ETL using Shell Scripts

ETL using Shell Scripts

  1. Connecting to Postgres and Create a Table

    Here I have created ETL Pipeline in a Postgres docker container. To install and run postgres container you can follow Postgres Connection with Docker.

    Create a Database in postgres and a table where we will load data at the end.

          psql --username=postgres --host=localhost
          /c template1;   
          CREATE TABLE access_log(timestamp TIMESTAMP, latitude float, 
          longitude float, visitor_id char(37));
    

    After creating database name as template1 and table name as access_log.
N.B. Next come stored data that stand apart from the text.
lemma modulus_over_square_integrable:
  fixes f :: "real \<Rightarrow> real"
  assumes bounded: "bounded (range f)" and "0 < u"
  shows "(\<lambda>t. modulus_of_continuity f t / t\<^sup>2) integrable_on {u..b}"
proof -
  have "mono_on {u..b} (modulus_of_continuity f)"
    using \<open>0 < u\<close> by (intro mono_onI modulus_of_continuity_mono[OF bounded]) auto
  then have "modulus_of_continuity f absolutely_integrable_on {u..b}"
    using \<open>0 < u\<close> modulus_of_continuity_nonneg[OF bounded]
    by (intro nonnegative_absolutely_integrable_1 integrable_on_mono_on) auto
  moreover have cont: "continuous_on {u..b} (\<lambda>t::real. 1 / t\<^sup>2)"
    using \<open>0 < u\<close> by (intro continuous_intros) auto
  ultimately have "(\<lambda>t. 1 / t\<^sup>2 * modulus_of_continuity f t) absolutely_integrable_on {u..b}"
    by (intro absolutely_integrable_bounded_measurable_product_real
        continuous_imp_measurable_on_sets_lebesgue compact_imp_bounded compact_continuous_image)
      auto
  then show ?thesis
    by (simp add: absolutely_integrable_on_def)
qed

lemma integral_modulus_over_square_nonneg:
  fixes f :: "real \<Rightarrow> real"
  assumes bounded: "bounded (range f)" and "0 < u"
  shows "0 \<le> integral {u..b} (\<lambda>t. modulus_of_continuity f t / t\<^sup>2)"
  using modulus_of_continuity_nonneg[OF bounded] \<open>0 < u\<close>
  by (intro integral_nonneg[OF modulus_over_square_integrable[OF assms]]) auto

lemma integral_modulus_over_square_le:
  fixes f :: "real \<Rightarrow> real" and n :: nat
  assumes bounded: "bounded (range f)"
  defines "u \<equiv> pi / (real n + 1)"
  shows "integral {u..pi} (\<lambda>t. modulus_of_continuity f t / t\<^sup>2)
           \<le> (real n + 1) ^ 3 * modulus_of_continuity f u"
proof -
  let ?\<omega> = "modulus_of_continuity f"
  have u: "0 < u" "u \<le> pi"
    by (simp_all add: u_def field_simps)
  have \<omega>_nonneg: "0 \<le> ?\<omega> t" if "0 \<le> t" for t
    using modulus_of_continuity_nonneg[OF bounded that] .
  have "integral {u..pi} (\<lambda>t. ?\<omega> t / t\<^sup>2) \<le> integral {u..pi} (\<lambda>t. ?\<omega> pi / u\<^sup>2)"
  proof (rule integral_le[OF modulus_over_square_integrable[OF bounded \<open>0 < u\<close>]])
    fix t assume t: "t \<in> {u..pi}"
    then have "?\<omega> t \<le> ?\<omega> pi" and "0 \<le> ?\<omega> t"
      using u modulus_of_continuity_mono[OF bounded, of t pi] \<omega>_nonneg[of t] by auto
    moreover have "1 / t\<^sup>2 \<le> 1 / u\<^sup>2"
      using t u by (intro divide_left_mono power_mono) auto
    ultimately show "?\<omega> t / t\<^sup>2 \<le> ?\<omega> pi / u\<^sup>2"
      using mult_mono[of "?\<omega> t" "?\<omega> pi" "1 / t\<^sup>2" "1 / u\<^sup>2"] \<omega>_nonneg[of pi] by simp
  qed (rule integrable_const_ivl)
  also have "\<dots> \<le> pi * (?\<omega> pi / u\<^sup>2)"
    using u \<omega>_nonneg[of pi] by (simp, intro divide_right_mono mult_right_mono) auto
  also have "\<dots> \<le> pi * ((real n + 1) * ?\<omega> u / u\<^sup>2)"
    using modulus_of_continuity_mult_le[OF bounded, of u "Suc n"] u
    by (intro mult_left_mono divide_right_mono) (simp_all add: u_def add.commute)
  also have "\<dots> = (real n + 1) ^ 3 * ?\<omega> u / pi"
    by (simp add: u_def power2_eq_square power3_eq_cube field_simps)
  also have "\<dots> \<le> (real n + 1) ^ 3 * ?\<omega> u"
  proof -
    have "0 \<le> (real n + 1) ^ 3 * ?\<omega> u" using u \<omega>_nonneg[of u] by simp
    then show ?thesis using pi_ge_two by (simp add: divide_le_eq mult_le_cancel_left1)
  qed
  finally show ?thesis .
qed

lemma modulus_le_integral_modulus_over_square:
  fixes f :: "real \<Rightarrow> real"
  assumes bounded: "bounded (range f)" and u: "0 < u" "u \<le> pi / 2"
  shows "modulus_of_continuity f u \<le> 2 * u * integral {u..pi} (\<lambda>t. modulus_of_continuity f t / t\<^sup>2)"
proof -
  let ?\<omega> = "modulus_of_continuity f"
  have "((\<lambda>t. 1 / t\<^sup>2) has_integral (1 / u - 1 / pi)) {u..pi}"
  proof -
    have "((\<lambda>t. 1 / t\<^sup>2) has_integral ((- 1 / pi) - (- 1 / u))) {u..pi}"
    proof (rule fundamental_theorem_of_calculus)
      fix t assume "t \<in> {u..pi}"
      then have "t \<noteq> 0" using u by auto
      then show "((\<lambda>t. - 1 / t) has_vector_derivative 1 / t\<^sup>2) (at t within {u..pi})"
        by (auto intro!: derivative_eq_intros
            simp: has_real_derivative_iff_has_vector_derivative[symmetric] power2_eq_square)
    qed (use u in auto)
    then show ?thesis by simp
  qed
  then have "((\<lambda>t. ?\<omega> u * (1 / t\<^sup>2)) has_integral (?\<omega> u * (1 / u - 1 / pi))) {u..pi}"
    by (rule has_integral_mult_right)
  then have "?\<omega> u * (1 / u - 1 / pi) \<le> integral {u..pi} (\<lambda>t. ?\<omega> t / t\<^sup>2)"
  proof (rule has_integral_le)
    show "((\<lambda>t. ?\<omega> t / t\<^sup>2) has_integral integral {u..pi} (\<lambda>t. ?\<omega> t / t\<^sup>2)) {u..pi}"
      using modulus_over_square_integrable[OF bounded u(1)] by (rule integrable_integral)
  next
    fix t assume "t \<in> {u..pi}"
    then have "?\<omega> u \<le> ?\<omega> t" using u by (intro modulus_of_continuity_mono[OF bounded]) auto
    then show "?\<omega> u * (1 / t\<^sup>2) \<le> ?\<omega> t / t\<^sup>2" by (simp add: divide_right_mono)
  qed
  moreover have "1 / (2 * u) \<le> 1 / u - 1 / pi"
    using u by (simp add: field_simps)
  ultimately have "?\<omega> u * (1 / (2 * u)) \<le> integral {u..pi} (\<lambda>t. ?\<omega> t / t\<^sup>2)"
    using modulus_of_continuity_nonneg[OF bounded, of u] u
    by (meson less_imp_le mult_left_mono order_trans)
  then show ?thesis using u by (simp add: field_simps)
qed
We will quit the postgres shell.

  2. Create a new file named shell-access-log.sh.

    touch shell-access-log.sh

  3. Download the gzip file and unzip file.

      wget "https://cf-courses-data.s3.us.cloud-object-storage.appdomain.cloud/IBM-DB0250EN-SkillsNetwork/labs/Bash%20Scripting/ETL%20using%20shell%20scripting/web-server-access-log.txt.gz"
      gunzip -f web-server-access-log.txt.gz
    

4. Extract Phase

In shell-access-log.sh file write a script to extract the data from gz file and get .txt file.
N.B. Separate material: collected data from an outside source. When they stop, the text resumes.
(* There are uncountably many minor-closed classes $\mathcal{C}$ of countable graphs that have a universal element, and uncountably many minor-closed classes of countable graphs that do not have a universal element.
   Context: Graphs may be infinite (countable). A graph $H$ is a minor of a graph $G$ if there are pairwise disjoint connected subgraphs $B_v\subseteq G$, $v\in V(H)$, and for every edge $uv\in E(H)$ an edge of $G$ with one endvertex in $B_u$ and the other in $B_v$. A class $\mathcal{C}$ is minor-closed if every minor of a member of $\mathcal{C}$ is in $\mathcal{C}$. A universal element of $\mathcal{C}$ is a graph $U\in\mathcal{C}$ such that every $G\in\mathcal{C}$ is a minor of $U$. *)

theory Defs
  imports Main "HOL-Library.Countable_Set"
begin

text \<open>A countable graph is represented by a vertex set V \<subseteq> nat and a symmetric,
irreflexive edge relation E supported on V.  Every countable graph is isomorphic
to such a graph, and minor-closed classes are closed under isomorphism.\<close>

type_synonym cgraph = "nat set \<times> (nat \<Rightarrow> nat \<Rightarrow> bool)"

definition is_graph :: "cgraph \<Rightarrow> bool" where
  "is_graph G \<longleftrightarrow>
     (\<forall>a b. snd G a b \<longrightarrow> a \<in> fst G \<and> b \<in> fst G) \<and>
     (\<forall>a b. snd G a b \<longrightarrow> snd G b a) \<and>
     (\<forall>a. \<not> snd G a a)"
The columns in the web-server-access-log.txt file are delimited by ‘#’.

Save the delimited separated file in extracted-data.txt.

# Extract phase
echo "Extracting data"
# Extract the columns 1 (timestamp), 2 (latitude), 3 (longitude) and 
# 4 (visitorid)
cut -d# -f1-4 web-server-access-log.txt > extracted-data.txt

Save the file and run the bash script command. bash shell-access- log.sh

Check the extracted.txt file

cat extracted.txt

5. Transform Phase

Perform a transform in the txt file to CSV format.

The original “#” delimiter set apart the extracted columns.

We need to convert this into a “,” delimited file name as transformed.csv.

# Transform phase
echo "Transforming data"
# read the extracted data and replace the colons with commas.
sed 's/#/,/g' extracted-data.txt > transformed.csv

Save the file shell-access-log.sh and run it --- bash shell-access-log.sh

Check the transformed.csv to validate the data.

cat transformed.csv

6. Load Phase

Load the data into the table access_log in PostgreSQL.

PostgresSQL copy command will copy data from csv to table in postgres.

Syntax to copy data :-

COPY table_name from 'filename' DELIMITERS 'delimiter_character' FORMAT;

   # Load phase 
   echo "Loading data" 
  # Send the instructions to connect to 'template1' and 
  # copy the file to the table 'access_log' through the command pipeline. 
  echo "\c template1;\\COPY access_log FROM 'transformed.csv' 
  DELIMITERS ',' CSV HEADER;" | psql --username=postgres -- 
  host=localhost

Run Final script ~ bash shell-access-log.sh

Run the below command to populate the data in table.

psql --username=postgres --host=localhost
\c template1
select * from access_log;